We immediately called a conference of all the detainees from Kałuszyn. Itchele presented his plan, and after a discussion of the possible consequences, it was decided to split the funds. We also made a solemn undertaking that whoever managed to escape or be released and reached Kałuszyn would not make personal use of the money, but would hand it over to the local comrades for social and communal purposes.
The Bolsheviks meanwhile reached Kałuszyn and went beyond on the road to Minsk-Mazovyetsk. We then decided to remain awake during the night and await developments. We felt that that night will be decisive, and so it was.

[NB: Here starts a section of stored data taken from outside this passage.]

lemma left_ideal_diff: "left_ideal I \<Longrightarrow> x \<in> I \<Longrightarrow> y \<in> I \<Longrightarrow> x - y \<in> I"
  unfolding left_ideal_def by blast

lemma left_ideal_mult_left: "left_ideal I \<Longrightarrow> x \<in> I \<Longrightarrow> r * x \<in> I"
  unfolding left_ideal_def by blast

lemma left_ideal_uminus: "left_ideal I \<Longrightarrow> x \<in> I \<Longrightarrow> - x \<in> I"
  using left_ideal_diff[of I 0 x] left_ideal_0[of I] by simp

lemma left_ideal_add: "left_ideal I \<Longrightarrow> x \<in> I \<Longrightarrow> y \<in> I \<Longrightarrow> x + y \<in> I"
  using left_ideal_diff[of I x "- y"] left_ideal_uminus[of I y] by simp

lemma left_ideal_sum:
  "left_ideal I \<Longrightarrow> (\<And>i. i \<in> A \<Longrightarrow> f i \<in> I) \<Longrightarrow> sum f A \<in> I"
  by (induction A rule: infinite_finite_induct) (auto simp: left_ideal_0 left_ideal_add)

lemma left_ideal_UNIV: "left_ideal (UNIV :: 'a::ring_1 set)"
  unfolding left_ideal_def by blast

lemma left_ideal_eq_UNIV_iff: "left_ideal I \<Longrightarrow> I = UNIV \<longleftrightarrow> (1::'a::ring_1) \<in> I"
  using left_ideal_mult_left[of I 1] by auto

lemma left_ideal_times_plus:
  assumes K: "left_ideal K" and I: "left_ideal I"
  shows "left_ideal {k * u + x | k x. k \<in> K \<and> x \<in> I}"
  unfolding left_ideal_def
proof (intro conjI ballI allI)
  show "0 \<in> {k * u + x | k x. k \<in> K \<and> x \<in> I}"
    using left_ideal_0[OF K] left_ideal_0[OF I] by force
next
  fix a b assume "a \<in> {k * u + x | k x. k \<in> K \<and> x \<in> I}" "b \<in> {k * u + x | k x. k \<in> K \<and> x \<in> I}"
  then obtain k x k' x' where "a = k * u + x" "b = k' * u + x'" "k \<in> K" "x \<in> I" "k' \<in> K" "x' \<in> I"
    by blast
  moreover have "k * u + x - (k' * u + x') = (k - k') * u + (x - x')"
    by (simp add: algebra_simps)
  ultimately show "a - b \<in> {k * u + x | k x. k \<in> K \<and> x \<in> I}"
    using left_ideal_diff[OF K] left_ideal_diff[OF I] by blast
next
  fix r a assume "a \<in> {k * u + x | k x. k \<in> K \<and> x \<in> I}"
  then obtain k x where "a = k * u + x" "k \<in> K" "x \<in> I" by blast
  moreover have "r * (k * u + x) = (r * k) * u + r * x"
    by (simp add: algebra_simps)
  ultimately show "r * a \<in> {k * u + x | k x. k \<in> K \<and> x \<in> I}"
    using left_ideal_mult_left[OF K] left_ideal_mult_left[OF I] by blast
qed

lemma subset_times_plus: "left_ideal K \<Longrightarrow> I \<subseteq> {k * u + x | k x. k \<in> K \<and> x \<in> I}"
proof
  fix x assume "left_ideal K" "x \<in> I"
  moreover have "x = 0 * u + x" by simp
  ultimately show "x \<in> {k * u + x | k x. k \<in> K \<and> x \<in> I}" using left_ideal_0 by blast
qed

lemma maximal_left_ideal_left_ideal: "maximal_left_ideal I \<Longrightarrow> left_ideal I"
  unfolding maximal_left_ideal_def by blast

lemma maximal_left_ideal_one_notin: "maximal_left_ideal I \<Longrightarrow> (1::'a::ring_1) \<notin> I"
  unfolding maximal_left_ideal_def using left_ideal_eq_UNIV_iff by blast

lemma maximal_left_ideal_eq_UNIV:
  "maximal_left_ideal I \<Longrightarrow> left_ideal K \<Longrightarrow> I \<subseteq> K \<Longrightarrow> x \<in> K \<Longrightarrow> x \<notin> I \<Longrightarrow> K = UNIV"
  unfolding maximal_left_ideal_def by blast

lemma maximal_left_ideal_left_inverse:
  assumes I: "maximal_left_ideal I" and x: "x \<notin> I"
  obtains y where "y * x - 1 \<in> I"
proof -
  have li: "left_ideal I" using I by (rule maximal_left_ideal_left_ideal)
  let ?L = "{r * x + m | r m. r \<in> UNIV \<and> m \<in> I}"
  have "x = 1 * x + 0" by simp
  then have "x \<in> ?L" using left_ideal_0[OF li] by blast
  moreover have "I \<subseteq> ?L" using subset_times_plus[OF left_ideal_UNIV] .
  ultimately have "?L = UNIV"
    using maximal_left_ideal_eq_UNIV[OF I left_ideal_times_plus[OF left_ideal_UNIV li]] x by blast
  then obtain r m where "1 = r * x + m" "m \<in> I" by blast
  then have "r * x - 1 = - m" by (simp add: algebra_simps)
  with \<open>m \<in> I\<close> show ?thesis using that left_ideal_uminus[OF li] by metis
qed

lemma is_subring_one: "is_subring S \<Longrightarrow> 1 \<in> S"
  unfolding is_subring_def by blast

lemma is_subring_diff: "is_subring S \<Longrightarrow> x \<in> S \<Longrightarrow> y \<in> S \<Longrightarrow> x - y \<in> S"
  unfolding is_subring_def by blast

lemma is_subring_mult: "is_subring S \<Longrightarrow> x \<in> S \<Longrightarrow> y \<in> S \<Longrightarrow> x * y \<in> S"
  unfolding is_subring_def by blast

lemma is_subring_0: "is_subring S \<Longrightarrow> 0 \<in> S"
  using is_subring_diff[of S 1 1] is_subring_one[of S] by simp

lemma is_subring_add: "is_subring S \<Longrightarrow> x \<in> S \<Longrightarrow> y \<in> S \<Longrightarrow> x + y \<in> S"
  using is_subring_diff[of S x "0 - y"] is_subring_diff[of S 0 y] is_subring_0[of S] by simp

lemma is_subring_sum:
  "is_subring S \<Longrightarrow> (\<And>i. i \<in> A \<Longrightarrow> f i \<in> S) \<Longrightarrow> sum f A \<in> S"
  by (induction A rule: infinite_finite_induct) (auto simp: is_subring_0 is_subring_add)

lemma is_subring_Union_chain:
  assumes "subset.chain A C" "C \<noteq> {}" "\<And>R. R \<in> C \<Longrightarrow> is_subring R"
  shows "is_subring (\<Union>C)"
  unfolding is_subring_def
proof (intro conjI ballI)
  show "1 \<in> \<Union>C" using assms(2,3) is_subring_one by blast
next
  fix a b assume "a \<in> \<Union>C" "b \<in> \<Union>C"
  then obtain R where "R \<in> C" "a \<in> R" "b \<in> R"
    using assms(1) unfolding subset.chain_def by blast
  then show "a - b \<in> \<Union>C" "a * b \<in> \<Union>C"
    using assms(3) is_subring_diff is_subring_mult by blast+
qed

text \<open>Zorn's lemma applies because a proper subring over S can never absorb the finite set X,
  so properness survives unions of chains.\<close>
lemma ex_maximal_subring_finitely_generated_over:
  fixes S :: "'a::ring_1 set"
  assumes S: "is_subring S" "S \<noteq> UNIV" and X: "finite X"
    and generates: "\<And>R. is_subring R \<Longrightarrow> S \<subseteq> R \<Longrightarrow> X \<subseteq> R \<Longrightarrow> R = UNIV"
  shows "\<exists>S' :: 'a set. maximal_subring S'"
proof -
  let ?A = "{R. is_subring R \<and> S \<subseteq> R \<and> R \<noteq> UNIV}"
  have "\<exists>M\<in>?A. \<forall>R\<in>?A. M \<subseteq> R \<longrightarrow> R = M"
  proof (rule subset_Zorn_nonempty)
    show "?A \<noteq> {}" using S by blast
  next
    fix C assume C: "C \<noteq> {}" "subset.chain ?A C"
    then have CA: "C \<subseteq> ?A" unfolding subset.chain_def by blast
    have "\<Union>C \<noteq> UNIV"
    proof
      assume "\<Union>C = UNIV"
      then obtain R where "R \<in> C" "X \<subseteq> R"
        using finite_subset_Union_chain[OF X _ C(1,2)] by blast
      with CA generates show False by blast
    qed
    moreover have "is_subring (\<Union>C)" using is_subring_Union_chain[OF C(2,1)] CA by blast
    ultimately show "\<Union>C \<in> ?A" using C(1) CA by blast
  qed
  then obtain M where "M \<in> ?A" "\<forall>R\<in>?A. M \<subseteq> R \<longrightarrow> R = M" by blast
  then have "maximal_subring M" unfolding maximal_subring_def by blast
  then show ?thesis by blast
qed

text \<open>The idealiser Q of M is a subring not containing u, and every subring containing Q and u
  contains M u + M, which is all of T by maximality of M.\<close>
lemma ex_maximal_subring_if_not_right_ideal:
  fixes M :: "'a::ring_1 set"
  assumes M: "maximal_left_ideal M" and m: "m \<in> M" and mu: "m * u \<notin> M"
  shows "\<exists>S :: 'a set. maximal_subring S"
proof -
  have li: "left_ideal M" using M by (rule maximal_left_ideal_left_ideal)
  define Q where "Q = {r. \<forall>x\<in>M. x * r \<in> M}"
  have "is_subring Q"
    unfolding is_subring_def Q_def
    using left_ideal_diff[OF li] by (simp add: right_diff_distrib flip: mult.assoc)
  moreover have "Q \<noteq> UNIV" using m mu unfolding Q_def by blast
  moreover have "R = UNIV" if R: "is_subring R" "Q \<subseteq> R" "{u} \<subseteq> R" for R
  proof -
    let ?L = "{k * u + x | k x. k \<in> M \<and> x \<in> M}"
    have "m * u + 0 \<in> ?L" using m left_ideal_0[OF li] by blast
    then have "?L = UNIV"
      using maximal_left_ideal_eq_UNIV[OF M left_ideal_times_plus[OF li li] subset_times_plus[OF li]] mu
      by simp
    have "M \<subseteq> R" using R(2) left_ideal_mult_left[OF li] unfolding Q_def by blast
    show "R = UNIV"
    proof (intro set_eqI iffI)
      fix y :: 'a
      from \<open>?L = UNIV\<close> obtain k x where "y = k * u + x" "k \<in> M" "x \<in> M" by blast
      with \<open>M \<subseteq> R\<close> R show "y \<in> R" using is_subring_add[OF R(1)] is_subring_mult[OF R(1)] by blast
    qed simp
  qed
  ultimately show ?thesis using ex_maximal_subring_finitely_generated_over[of Q "{u}"] by blast
qed

definition root_of_monic_central :: "nat \<Rightarrow> 'a::ring_1 \<Rightarrow> bool" where
  "root_of_monic_central n t \<longleftrightarrow>
     (\<exists>f. (\<forall>i<n. f i \<in> ring_center) \<and> t ^ n + (\<Sum>i<n. f i * t ^ i) = 0)"

lemma integrally_closed_in_center_iff:
  "integrally_closed_in (ring_center :: 'a::ring_1 set) \<longleftrightarrow>
     (\<forall>n (t :: 'a). root_of_monic_central n t \<longrightarrow> t \<in> ring_center)"
  unfolding integrally_closed_in_def root_of_monic_central_def by blast

lemma root_of_monic_central_pos: "root_of_monic_central n t \<Longrightarrow> 0 < n"
  unfolding root_of_monic_central_def by (cases n) auto

lemma monic_root_sum_power_eq:
  assumes f: "\<forall>l<n. f l \<in> ring_center" and root: "t ^ n + (\<Sum>l<n. f l * t ^ l) = 0"
  shows "(\<Sum>i\<in>J. x i * t ^ n * c i) = - (\<Sum>l<n. f l * (\<Sum>i\<in>J. x i * t ^ l * c i))"
proof -
  have "x i * t ^ n * c i = - (\<Sum>l<n. f l * (x i * t ^ l * c i))" for i
  proof -
    have "t ^ n = - (\<Sum>l<n. f l * t ^ l)" using root by (metis add.commute add_eq_0_iff)
    then have "x i * t ^ n * c i = - (\<Sum>l<n. x i * (f l * t ^ l) * c i)"
      by (simp add: sum_distrib_left sum_distrib_right)
    also have "(\<Sum>l<n. x i * (f l * t ^ l) * c i) = (\<Sum>l<n. f l * (x i * t ^ l * c i))"
      using f unfolding ring_center_def by (intro sum.cong) (simp_all add: mult.assoc)
    finally show ?thesis .
  qed
  then have "(\<Sum>i\<in>J. x i * t ^ n * c i) = - (\<Sum>i\<in>J. \<Sum>l<n. f l * (x i * t ^ l * c i))"
    by (simp add: sum_negf)
  also have "\<dots> = - (\<Sum>l<n. f l * (\<Sum>i\<in>J. x i * t ^ l * c i))"
    by (simp add: sum.swap[of _ J] sum_distrib_left)
  finally show ?thesis .
qed

text \<open>Here T/M is a division ring; the lemmas below do linear algebra over it, working with
  representatives modulo M.\<close>
locale maximal_two_sided_ideal =
  fixes M :: "'a::ring_1 set"
  assumes maximal: "maximal_left_ideal M"
    and mult_right: "x \<in> M \<Longrightarrow> x * r \<in> M"
begin

lemma ideal: "left_ideal M"
  using maximal by (rule maximal_left_ideal_left_ideal)

lemma notin_if_diff_one_mem: "x - 1 \<in> M \<Longrightarrow> x \<notin> M"
  using left_ideal_diff[OF ideal, of x "x - 1"] maximal_left_ideal_one_notin[OF maximal] by auto

lemma inverse_mod:
  assumes x: "x \<notin> M"
  obtains y where "x * y - 1 \<in> M" "y * x - 1 \<in> M"
proof -
  obtain y where y: "y * x - 1 \<in> M" using maximal_left_ideal_left_inverse[OF maximal x] .
  have "y \<notin> M" using notin_if_diff_one_mem[OF y] mult_right by blast
  then obtain z where z: "z * y - 1 \<in> M" using maximal_left_ideal_left_inverse[OF maximal] by blast
  have "x - z = z * (y * x - 1) - (z * y - 1) * x" by (simp add: algebra_simps)
  then have xz: "x - z \<in> M"
    using left_ideal_diff[OF ideal] left_ideal_mult_left[OF ideal y] mult_right[OF z] by metis
  have "x * y - 1 = (x - z) * y + (z * y - 1)" by (simp add: algebra_simps)
  then have "x * y - 1 \<in> M" using left_ideal_add[OF ideal mult_right[OF xz] z] by metis
  with y show ?thesis using that by blast
qed

lemma commutator_mem: "y - z \<in> M \<Longrightarrow> t * z = z * t \<Longrightarrow> t * y - y * t \<in> M"
proof -
  assume "y - z \<in> M" "t * z = z * t"
  then have "t * y - y * t = t * (y - z) - (y - z) * t" by (simp add: algebra_simps)
  with \<open>y - z \<in> M\<close> show ?thesis
    using left_ideal_diff[OF ideal] left_ideal_mult_left[OF ideal] mult_right by metis
qed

Around 10-11 in the evening a large contingent of police surrounded the prison and the police commissioner exclaimed: collect your things and come out into the yard!
The commissioner a bespectacled runt with darting eyes walked around the detainees sniffing until he came to Itche Milgrom. After the latter responded to the question of his age, the commissioner released him with poshol von do domu. All the others were lined up and marched off to the Minsk-Mazovyetsk precinct.
A tragic episode almost took place at the precinct. As we stood there a shot was heard, and immediately a poznantchik arrived on horseback from the army forward positions. He accused us of firing the shot and shouted that we all ought to be shot in turn. The police inspector barely managed to convince him that we - the detainees - were not involved, and thus the danger of a bloody outcome was averted.
After a short stay at the precinct, we were ordered to march to Warsaw and mid-morning we arrived at the citadel in the capital.
All able bodied were mobilized into the Polish Army and only a few of our group managed to avoid the draft and reach Kałuszyn.
One of those few was Long Yosef.
He a turner by trade was always short two days to the week as far as livelihood was concerned; poverty was a constant tenant in his household; he never voiced any complaints at either God or man, not even against the bourgeoisie - a quiet and honest workingman, who always related to people with a smile on his face.
I always wondered whether the nickname long wasn't somewhat humiliating for this honourable man. Indeed, his nickname should have been the great Yosef, the great, noble person.
Yosef Safirshtayn performed the mitzvah faithfully and fulfilled the solemn resolution taken in the cell of the Minsk prison. As soon as he arrived in Kałuszyn he forthwith gave the cash his prisoner's share to the local comrades to be used for social and community purposes.
This again confirmed my judgment about the Great Yosef the exceptionally honest man and comrade Yosef Safirshtayn.